# YOUR TASK
Return the lines beginning at the one that contains "(\<exists>f'. (\<forall>x\<in>U. (f" and continuing to the end of the entries, including both ends, exactly as written and nothing else.

Stored items:
(* Assume the standing hypotheses (H) below and let $G=\mathcal P^{-1}(\Omega)$. Suppose that $\Omega$ acts freely on $C$ and that $G=\mathbb{Z}^p\rtimes\Omega$, i.e. there is a subgroup $\tilde\Omega\subset G$ such that $\mathcal P$ restricts to an isomorphism $\tilde\Omega\to\Omega$, with inverse $\iota:\Omega\to\tilde\Omega$. Then there exists a smooth map $s:C\to E^{p-q}$ such that, with the diffeomorphism $\varphi(a,x)=(a+s(x),x)$ of $\mathbb{R}^p\times C$, for every $\omega\in\Omega$ the map $\varphi^{-1}\circ\iota(\omega)\circ\varphi$ is of the form $(a,x)\mapsto(A_\omega a+c_\omega,\omega|_C(x))$ with $A_\omega$ the linear part of $\omega$ and $c_\omega\in E^q$ a constant vector.
   Context: Bundle automorphisms: fix integers $p\ge q\ge1$, a simply connected manifold $C$ and a decomposition $\mathbb{R}^p=E^q\oplus E^{p-q}$ with $\dim E^q=q$. An automorphism of the trivial bundle $\mathbb{R}^p\times C\to C$ is a map $(a,x)\mapsto(Aa+f(x),\varphi(x))$ with $A\in\mathrm{GL}_p(\mathbb{R})$ (linear part), $f\in C^\infty(C,\mathbb{R}^p)$ (translation part), $\varphi\in\mathrm{Diff}(C)$. $\mathrm{Aut}^{\mathbb{Z}}_{E^q}(\mathbb{R}^p\times C\to C)$ is the set of those with $A\in\mathrm{GL}_p(\mathbb{Z})$ and the projection of $f$ onto $E^q$ parallel to $E^{p-q}$ constant. An automorphism of the trivial bundle $(S^1)^p\times C\to C$, $(S^1)^p=\mathbb{R}^p/\mathbb{Z}^p$, is a map $(\bar a,x)\mapsto(A\bar a+\bar f(x),\varphi(x))$ with $A\in\mathrm{GL}_p(\mathbb{Z})$, $\bar f\in C^\infty(C,(S^1)^p)$, $\varphi\in\mathrm{Diff}(C)$; each lifts to an automorphism of $\mathbb{R}^p\times C\to C$, lifts differing by translations by $\mathbb{Z}^p$. $\mathrm{Aut}_{E^q}((S^1)^p\times C\to C)$ is the set of those whose lifts lie in $\mathrm{Aut}^{\mathbb{Z}}_{E^q}(\mathbb{R}^p\times C\to C)$, and $\mathcal P:\mathrm{Aut}^{\mathbb{Z}}_{E^q}(\mathbb{R}^p\times C\to C)\to\mathrm{Aut}_{E^q}((S^1)^p\times C\to C)$ is the reduction modulo $\mathbb{Z}^p$. The linear part and the restriction $\omega|_C=\varphi$ of $\omega\in\mathrm{Aut}_{E^q}((S^1)^p\times C\to C)$ are well defined. Standing hypotheses (H): $p\ge2$ and $\Omega$ is a discrete subgroup of $\mathrm{Aut}_{E^q}((S^1)^p\times C\to C)$ such that (i) the action of $\Omega$ on $C$ given by $\omega\mapsto\omega|_C$ is proper and cocompact; (ii) the linear part of every $\omega\in\Omega$ preserves $E^q$ and $E^{p-q}$; (iii) there is a scalar product $g_{E^q}$ on $E^q$ such that the restriction to $E^q$ of the linear part of every $\omega\in\Omega$ is a similarity of $g_{E^q}$, not all of them isometries; (iv) if $\omega\in\Omega\setminus\{\mathrm{id}\}$ and $\omega|_C(x)=x$ for some $x\in C$, then no element of $\mathcal P^{-1}(\omega)$ has a fixed point in $\mathbb{R}^p\times\{x\}$. *)

theory Defs
  imports "HOL-Analysis.Analysis"
begin

fun Ck_on :: "nat \<Rightarrow> 'a::euclidean_space set \<Rightarrow> ('a \<Rightarrow> 'b::real_normed_vector) \<Rightarrow> bool" where
  "Ck_on 0 U f = continuous_on U f"
| "Ck_on (Suc k) U f =
     (\<exists>f'. (\<forall>x\<in>U. (f has_derivative f' x) (at x)) \<and> (\<forall>v. Ck_on k U (\<lambda>x. f' x v)))"

definition smooth_on :: "'a::euclidean_space set \<Rightarrow> ('a \<Rightarrow> 'b::real_normed_vector) \<Rightarrow> bool" where
  "smooth_on U f \<longleftrightarrow> (\<forall>k. Ck_on k U f)"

# TASK OUTPUT
     (\<exists>f'. (\<forall>x\<in>U. (f has_derivative f' x) (at x)) \<and> (\<forall>v. Ck_on k U (\<lambda>x. f' x v)))"

definition smooth_on :: "'a::euclidean_space set \<Rightarrow> ('a \<Rightarrow> 'b::real_normed_vector) \<Rightarrow> bool" where
  "smooth_on U f \<longleftrightarrow> (\<forall>k. Ck_on k U f)"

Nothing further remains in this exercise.